With a population of 1,203,789, Bronx County is entitled to four wholly contained Senate districts. If the Legislature had drawn four whole Senate districts wholly enclosed within the *85County’s borders, the percentage deviation from a perfect one-person-one-vote ratio would be only 2%, a figure well within the "tolerable limits” contemplated in Mahan v Howell (supra). Furthermore, the ethnic make-up of the Bronx readily lends itself to district formation that would advance the values to be promoted by the Voting Rights Act. With a population that is 43% Hispanic, 31% African-American and 26% white, Bronx County could accommodate two wholly contained districts that are nearly 85% combined minority with a majority of Hispanics, one district that is nearly 85% combined minority with a majority of African-Americans and one district that would contain most of the County’s non-minority population. The fact that the Legislature chose to criss-cross the County’s borders repeatedly, giving it only two intra-county Senate districts and dividing the remainder of its population among four inter-county Senate districts belies any serious claim that the present redistricting plan was motivated solely by a legislative desire to comply with Federal mandates.
I am particularly concerned that the tolerance the majority has today expressed for a plan that all but disregards the integrity of county borders will be read by many as a signal that our State constitutional provisions no longer represent serious constraints on the critically important redistricting process. Certainly, although the majority has made passing reference to " 'the historic and traditional significance of counties in the districting process’ ” (majority opn, at 77, quoting Matter of Orans, 15 NY2d 339, 352, supra), there is little in its analysis or result that suggests any real commitment to that principle. Inasmuch as I deem this constitutionally prescribed principle to be important to the integrity of our redistricting system and inasmuch as the principle could have been accommodated within a Federally satisfactory plan, I am compelled to dissent from the Court’s decision to uphold the plan the Legislature enacted and vote instead to affirm the judgments below.2
*86Judges Simons, Hancock, Jr., and Bellacosa concur with Chief Judge Wachtler; Judge Titone dissents and votes to affirm in a separate opinion; Judge Kaye taking no part In each case: Judgment reversed, etc.

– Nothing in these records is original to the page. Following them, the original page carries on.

(* For any instance of the online volunteer notification problem, the ex ante solution $\mathbf{x}^*$ satisfies $f(\mathbf{x}^* )\ge\left(1-\frac1e\right)\mathbf{LP}$.
   Context: Instance data: volunteers $[V]$, task types $[S]$, horizon $T$, arrival probabilities $\lambda_{s,t}\ge0$ with $\sum_{s=1}^S\lambda_{s,t}\le1$, match probabilities $p_{v,s}\in[0,1]$, and a probability mass function $g$ on the positive integers with CDF $G(\tau)=\sum_{i\le\tau}g(i)$, $G(0)=0$. $\mathcal{P}$: set of $\mathbf{x}\in\mathbb{R}^{V\times S\times T}$ with $0\le x_{v,s,t}\le1$ and $\sum_{\tau=1}^t\sum_{s=1}^S\lambda_{s,\tau}x_{v,s,\tau}(1-G(t-\tau))\le1$ for all $v,t$. $\mathbf{LP}=\max_{\mathbf{x}\in\mathcal{P}}\sum_{t=1}^T\sum_{s=1}^S\lambda_{s,t}\min\{\sum_v x_{v,s,t}p_{v,s},1\}$. $f(\mathbf{x})=\sum_{t=1}^T\sum_{s=1}^S\lambda_{s,t}\big(1-\prod_{v=1}^V(1-x_{v,s,t}p_{v,s})\big)$. Candidates: $\mathbf{x}^*_{LP}$ is an optimal solution of $\mathbf{LP}$; $\mathbf{x}^*_{AA}$ is the output of the procedure (for some $m\in\mathbb{N}$): $\mathbf{x}^0=\mathbf{0}$; for $i=1,\dots,m$, $\mathbf{y}^i\in\arg\max_{\mathbf{x}\in\mathcal{P}}\langle\mathbf{x},\nabla f(\mathbf{x}^{i-1})\rangle$ and $\mathbf{x}^i=\mathbf{x}^{i-1}+\frac1m\mathbf{y}^i$; output $\mathbf{x}^m$. $\mathbf{x}^*_{SQ}$ is built for $v=1,\dots,V$ in order: $(x^{SQ}_{v,s,t})_{s\in[S],t\in[T]}$ is an optimal solution of $\max\sum_{t,s}\lambda_{s,t}\big(\prod_{u<v}(1-p_{u,s}x^{SQ}_{u,s,t})\big)p_{v,s}x_{v,s,t}$ subject to $0\le x_{v,s,t}\le1$ for all $s,t$ and $\sum_{\tau=1}^t\sum_s\lambda_{s,\tau}x_{v,s,\tau}(1-G(t-\tau))\le1$ for all $t$. The ex ante solution is $\mathbf{x}^*\in\arg\max_{\mathbf{x}\in\{\mathbf{x}^*_{LP},\mathbf{x}^*_{AA},\mathbf{x}^*_{SQ}\}}f(\mathbf{x})$. *)

theory Defs
  imports Complex_Main
begin

text \<open>Indices: volunteers v in {1..V}, task types s in {1..S}, periods t in {1..T}.
  lam s t = arrival probability, p v s = match probability, g = pmf on positive integers.
  A point x of R^(V x S x T) is a function x v s t (values outside the index range are irrelevant).\<close>

definition Gcdf :: "(nat \<Rightarrow> real) \<Rightarrow> nat \<Rightarrow> real" where
  "Gcdf g \<tau> = (\<Sum>i\<in>{1..\<tau>}. g i)"

definition polytope ::
  "nat \<Rightarrow> nat \<Rightarrow> nat \<Rightarrow> (nat \<Rightarrow> nat \<Rightarrow> real) \<Rightarrow> (nat \<Rightarrow> real) \<Rightarrow> (nat \<Rightarrow> nat \<Rightarrow> nat \<Rightarrow> real) set" where
  "polytope V S T lam g =
     {x. (\<forall>v\<in>{1..V}. \<forall>s\<in>{1..S}. \<forall>t\<in>{1..T}. 0 \<le> x v s t \<and> x v s t \<le> 1) \<and>
         (\<forall>v\<in>{1..V}. \<forall>t\<in>{1..T}.
            (\<Sum>\<tau>\<in>{1..t}. \<Sum>s\<in>{1..S}. lam s \<tau> * x v s \<tau> * (1 - Gcdf g (t - \<tau>))) \<le> 1)}"

definition lp_obj ::
  "nat \<Rightarrow> nat \<Rightarrow> nat \<Rightarrow> (nat \<Rightarrow> nat \<Rightarrow> real) \<Rightarrow> (nat \<Rightarrow> nat \<Rightarrow> real) \<Rightarrow> (nat \<Rightarrow> nat \<Rightarrow> nat \<Rightarrow> real) \<Rightarrow> real" where
  "lp_obj V S T lam p x =
     (\<Sum>t\<in>{1..T}. \<Sum>s\<in>{1..S}. lam s t * min (\<Sum>v\<in>{1..V}. x v s t * p v s) 1)"

definition LP_val ::
  "nat \<Rightarrow> nat \<Rightarrow> nat \<Rightarrow> (nat \<Rightarrow> nat \<Rightarrow> real) \<Rightarrow> (nat \<Rightarrow> nat \<Rightarrow> real) \<Rightarrow> (nat \<Rightarrow> real) \<Rightarrow> real" where
  "LP_val V S T lam p g = Sup (lp_obj V S T lam p ` polytope V S T lam g)"

definition f_obj ::
  "nat \<Rightarrow> nat \<Rightarrow> nat \<Rightarrow> (nat \<Rightarrow> nat \<Rightarrow> real) \<Rightarrow> (nat \<Rightarrow> nat \<Rightarrow> real) \<Rightarrow> (nat \<Rightarrow> nat \<Rightarrow> nat \<Rightarrow> real) \<Rightarrow> real" where
  "f_obj V S T lam p x =
     (\<Sum>t\<in>{1..T}. \<Sum>s\<in>{1..S}. lam s t * (1 - (\<Prod>v\<in>{1..V}. (1 - x v s t * p v s))))"

text \<open>Gradient of f (f is multilinear; this is its partial derivative w.r.t. x v s t).\<close>
definition grad_f ::
  "nat \<Rightarrow> (nat \<Rightarrow> nat \<Rightarrow> real) \<Rightarrow> (nat \<Rightarrow> nat \<Rightarrow> real) \<Rightarrow> (nat \<Rightarrow> nat \<Rightarrow> nat \<Rightarrow> real) \<Rightarrow> nat \<Rightarrow> nat \<Rightarrow> nat \<Rightarrow> real" where
  "grad_f V lam p x v s t = lam s t * p v s * (\<Prod>u\<in>{1..V} - {v}. (1 - x u s t * p u s))"

definition inner_vst ::
  "nat \<Rightarrow> nat \<Rightarrow> nat \<Rightarrow> (nat \<Rightarrow> nat \<Rightarrow> nat \<Rightarrow> real) \<Rightarrow> (nat \<Rightarrow> nat \<Rightarrow> nat \<Rightarrow> real) \<Rightarrow> real" where
  "inner_vst V S T x y = (\<Sum>v\<in>{1..V}. \<Sum>s\<in>{1..S}. \<Sum>t\<in>{1..T}. x v s t * y v s t)"

definition is_LP_optimal where
  "is_LP_optimal V S T lam p g x \<longleftrightarrow>
     x \<in> polytope V S T lam g \<and>
     (\<forall>z\<in>polytope V S T lam g. lp_obj V S T lam p z \<le> lp_obj V S T lam p x)"

text \<open>Output of the continuous-greedy style procedure, for some m >= 1 and some
  choice of maximizers y^i.\<close>
definition is_AA_output where
  "is_AA_output V S T lam p g x \<longleftrightarrow>
     (\<exists>m::nat. m \<ge> 1 \<and> (\<exists>xs ys :: nat \<Rightarrow> nat \<Rightarrow> nat \<Rightarrow> nat \<Rightarrow> real.
        xs 0 = (\<lambda>_ _ _. 0) \<and>
        (\<forall>i\<in>{1..m}.
           ys i \<in> polytope V S T lam g \<and>
           (\<forall>z\<in>polytope V S T lam g.
              inner_vst V S T z (grad_f V lam p (xs (i - 1)))
                \<le> inner_vst V S T (ys i) (grad_f V lam p (xs (i - 1)))) \<and>
           xs i = (\<lambda>v s t. xs (i - 1) v s t + ys i v s t / real m)) \<and>
        x = xs m))"

definition row_feasible ::
  "nat \<Rightarrow> nat \<Rightarrow> (nat \<Rightarrow> nat \<Rightarrow> real) \<Rightarrow> (nat \<Rightarrow> real) \<Rightarrow> (nat \<Rightarrow> nat \<Rightarrow> real) \<Rightarrow> bool" where
  "row_feasible S T lam g r \<longleftrightarrow>
     (\<forall>s\<in>{1..S}. \<forall>t\<in>{1..T}. 0 \<le> r s t \<and> r s t \<le> 1) \<and>
     (\<forall>t\<in>{1..T}. (\<Sum>\<tau>\<in>{1..t}. \<Sum>s\<in>{1..S}. lam s \<tau> * r s \<tau> * (1 - Gcdf g (t - \<tau>))) \<le> 1)"

definition sq_obj ::
  "nat \<Rightarrow> nat \<Rightarrow> (nat \<Rightarrow> nat \<Rightarrow> real) \<Rightarrow> (nat \<Rightarrow> nat \<Rightarrow> real) \<Rightarrow> (nat \<Rightarrow> nat \<Rightarrow> nat \<Rightarrow> real) \<Rightarrow> nat \<Rightarrow> (nat \<Rightarrow> nat \<Rightarrow> real) \<Rightarrow> real" where
  "sq_obj S T lam p xsq v r =
     (\<Sum>t\<in>{1..T}. \<Sum>s\<in>{1..S}.
        lam s t * (\<Prod>u\<in>{1..<v}. (1 - p u s * xsq u s t)) * p v s * r s t)"

definition is_SQ_solution where
  "is_SQ_solution V S T lam p g xsq \<longleftrightarrow>
     (\<forall>v\<in>{1..V}. row_feasible S T lam g (xsq v) \<and>
        (\<forall>r. row_feasible S T lam g r \<longrightarrow> sq_obj S T lam p xsq v r \<le> sq_obj S T lam p xsq v (xsq v)))"

end

theory Submission
  imports Defs "HOL-Analysis.Convex"
begin

text \<open>It suffices to look at the LP optimum: for independent events with probabilities
  \<open>a\<^sub>v\<close>, the probability \<open>1 - \<Prod>(1 - a\<^sub>v)\<close> that at least one occurs is at least
  \<open>1 - exp (- \<Sum>a\<^sub>v)\<close>, and the concave function \<open>1 - exp (- \<sigma>)\<close> lies above its chord
  \<open>(1 - 1/e) \<sigma>\<close> on \<open>[0, 1]\<close>. Hence \<open>f\<close> dominates \<open>(1 - 1/e)\<close> times the LP objective term
  by term, and \<open>x\<^sup>*\<close> is at least as good as \<open>x\<^sub>L\<^sub>P\<close>.\<close>

lemma exp_neg_le_chord:
  fixes m :: real
  assumes "0 \<le> m" "m \<le> 1"
  shows "exp (- m) \<le> (1 - m) + m * exp (-1)"
  using convex_onD[OF exp_convex, of m 0 "-1"] assms by simp

lemma one_minus_exp_neg_ge_min:
  fixes \<sigma> :: real
  assumes "0 \<le> \<sigma>"
  shows "(1 - 1 / exp 1) * min \<sigma> 1 \<le> 1 - exp (- \<sigma>)"
proof -
  define m where "m = min \<sigma> 1"
  have m: "0 \<le> m" "m \<le> 1" "m \<le> \<sigma>"
    using assms by (auto simp: m_def)
  have "exp (- \<sigma>) \<le> exp (- m)"
    using m by simp
  also have "\<dots> \<le> (1 - m) + m * exp (-1)"
    using m(1,2) by (rule exp_neg_le_chord)
  finally show ?thesis
    by (simp add: m_def[symmetric] exp_minus field_simps)
qed

lemma one_minus_prod_ge_min_sum:
  fixes a :: "'a \<Rightarrow> real"
  assumes "finite A" and a: "\<And>v. v \<in> A \<Longrightarrow> 0 \<le> a v \<and> a v \<le> 1"
  shows "(1 - 1 / exp 1) * min (\<Sum>v\<in>A. a v) 1 \<le> 1 - (\<Prod>v\<in>A. 1 - a v)"
proof -
  have "(\<Prod>v\<in>A. 1 - a v) \<le> (\<Prod>v\<in>A. exp (- a v))"
    using a by (intro prod_mono) (auto simp: exp_ge_add_one_self[of "- a _", simplified])
  also have "\<dots> = exp (- (\<Sum>v\<in>A. a v))"
    using exp_sum[OF \<open>finite A\<close>, of "\<lambda>v. - a v"] by (simp add: sum_negf)
  finally have "(\<Prod>v\<in>A. 1 - a v) \<le> exp (- (\<Sum>v\<in>A. a v))" .
  moreover have "0 \<le> (\<Sum>v\<in>A. a v)"
    using a by (simp add: sum_nonneg)
  ultimately show ?thesis
    using one_minus_exp_neg_ge_min[of "\<Sum>v\<in>A. a v"] by linarith
qed

lemma f_obj_ge_lp_obj:
  assumes lam_nonneg: "\<forall>s\<in>{1..S}. \<forall>t\<in>{1..T}. 0 \<le> lam s t"
    and p_range: "\<forall>v\<in>{1..V}. \<forall>s\<in>{1..S}. 0 \<le> p v s \<and> p v s \<le> 1"
    and x_range: "\<forall>v\<in>{1..V}. \<forall>s\<in>{1..S}. \<forall>t\<in>{1..T}. 0 \<le> x v s t \<and> x v s t \<le> 1"
  shows "(1 - 1 / exp 1) * lp_obj V S T lam p x \<le> f_obj V S T lam p x"
proof -
  have "(1 - 1 / exp 1) * lp_obj V S T lam p x
      = (\<Sum>t\<in>{1..T}. \<Sum>s\<in>{1..S}.
           lam s t * ((1 - 1 / exp 1) * min (\<Sum>v\<in>{1..V}. x v s t * p v s) 1))"
    unfolding lp_obj_def by (simp add: sum_distrib_left algebra_simps)
  also have "\<dots> \<le> f_obj V S T lam p x"
    unfolding f_obj_def
  proof (intro sum_mono mult_left_mono)
    fix t s
    assume "t \<in> {1..T}" "s \<in> {1..S}"
    then show "0 \<le> lam s t"
      using lam_nonneg by auto
    show "(1 - 1 / exp 1) * min (\<Sum>v\<in>{1..V}. x v s t * p v s) 1
        \<le> 1 - (\<Prod>v\<in>{1..V}. 1 - x v s t * p v s)"
      using x_range p_range \<open>t \<in> {1..T}\<close> \<open>s \<in> {1..S}\<close>
      by (intro one_minus_prod_ge_min_sum) (auto intro: mult_le_one)
  qed
  finally show ?thesis .
qed

lemma LP_val_eq_lp_obj:
  assumes "is_LP_optimal V S T lam p g x"
  shows "LP_val V S T lam p g = lp_obj V S T lam p x"
  using assms unfolding LP_val_def is_LP_optimal_def
  by (intro cSup_eq_maximum) auto

theorem proposition2:
  fixes V S T :: nat
    and lam :: "nat \<Rightarrow> nat \<Rightarrow> real"
    and p :: "nat \<Rightarrow> nat \<Rightarrow> real"
    and g :: "nat \<Rightarrow> real"
    and xLP xAA xSQ xstar :: "nat \<Rightarrow> nat \<Rightarrow> nat \<Rightarrow> real"
  assumes lam_nonneg: "\<forall>s\<in>{1..S}. \<forall>t\<in>{1..T}. 0 \<le> lam s t"
    and lam_sum: "\<forall>t\<in>{1..T}. (\<Sum>s\<in>{1..S}. lam s t) \<le> 1"
    and p_range: "\<forall>v\<in>{1..V}. \<forall>s\<in>{1..S}. 0 \<le> p v s \<and> p v s \<le> 1"
    and g_nonneg: "\<forall>i. 0 \<le> g i"
    and g_zero: "g 0 = 0"
    and g_sums: "g sums 1"
    and LP: "is_LP_optimal V S T lam p g xLP"
    and AA: "is_AA_output V S T lam p g xAA"
    and SQ: "is_SQ_solution V S T lam p g xSQ"
    and xstar_mem: "xstar \<in> {xLP, xAA, xSQ}"
    and xstar_max: "\<forall>x\<in>{xLP, xAA, xSQ}. f_obj V S T lam p x \<le> f_obj V S T lam p xstar"
  shows "f_obj V S T lam p xstar \<ge> (1 - 1 / exp 1) * LP_val V S T lam p g"
proof -
  have "xLP \<in> polytope V S T lam g"
    using LP unfolding is_LP_optimal_def by simp
  then have "\<forall>v\<in>{1..V}. \<forall>s\<in>{1..S}. \<forall>t\<in>{1..T}. 0 \<le> xLP v s t \<and> xLP v s t \<le> 1"
    unfolding polytope_def by simp
  then have "(1 - 1 / exp 1) * LP_val V S T lam p g \<le> f_obj V S T lam p xLP"
    using f_obj_ge_lp_obj[OF lam_nonneg p_range] LP_val_eq_lp_obj[OF LP] by simp
  also have "\<dots> \<le> f_obj V S T lam p xstar"
    using xstar_max by simp
  finally show ?thesis .
qed

end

. Respondents’ reliance on Bay Ridge Community Council v Carey (103 AD2d 280, affd 66 NY2d 657) as a post-Mahan decision that supports their position is misplaced, since Bay Ridge was concerned principally with Assembly districts, as to which there is no effective constitutional rule requiring respect for county lines (see, 103 AD2d, at 285, citing Matter of Orans, 15 NY2d 339, 351).
. Inasmuch as the Senate plan and the Assembly plan were enacted as part of the same law, the farmer’s constitutional infirmity operates to invalidate the latter as well (see, Matter of Orans, 15 NY2d 339, supra).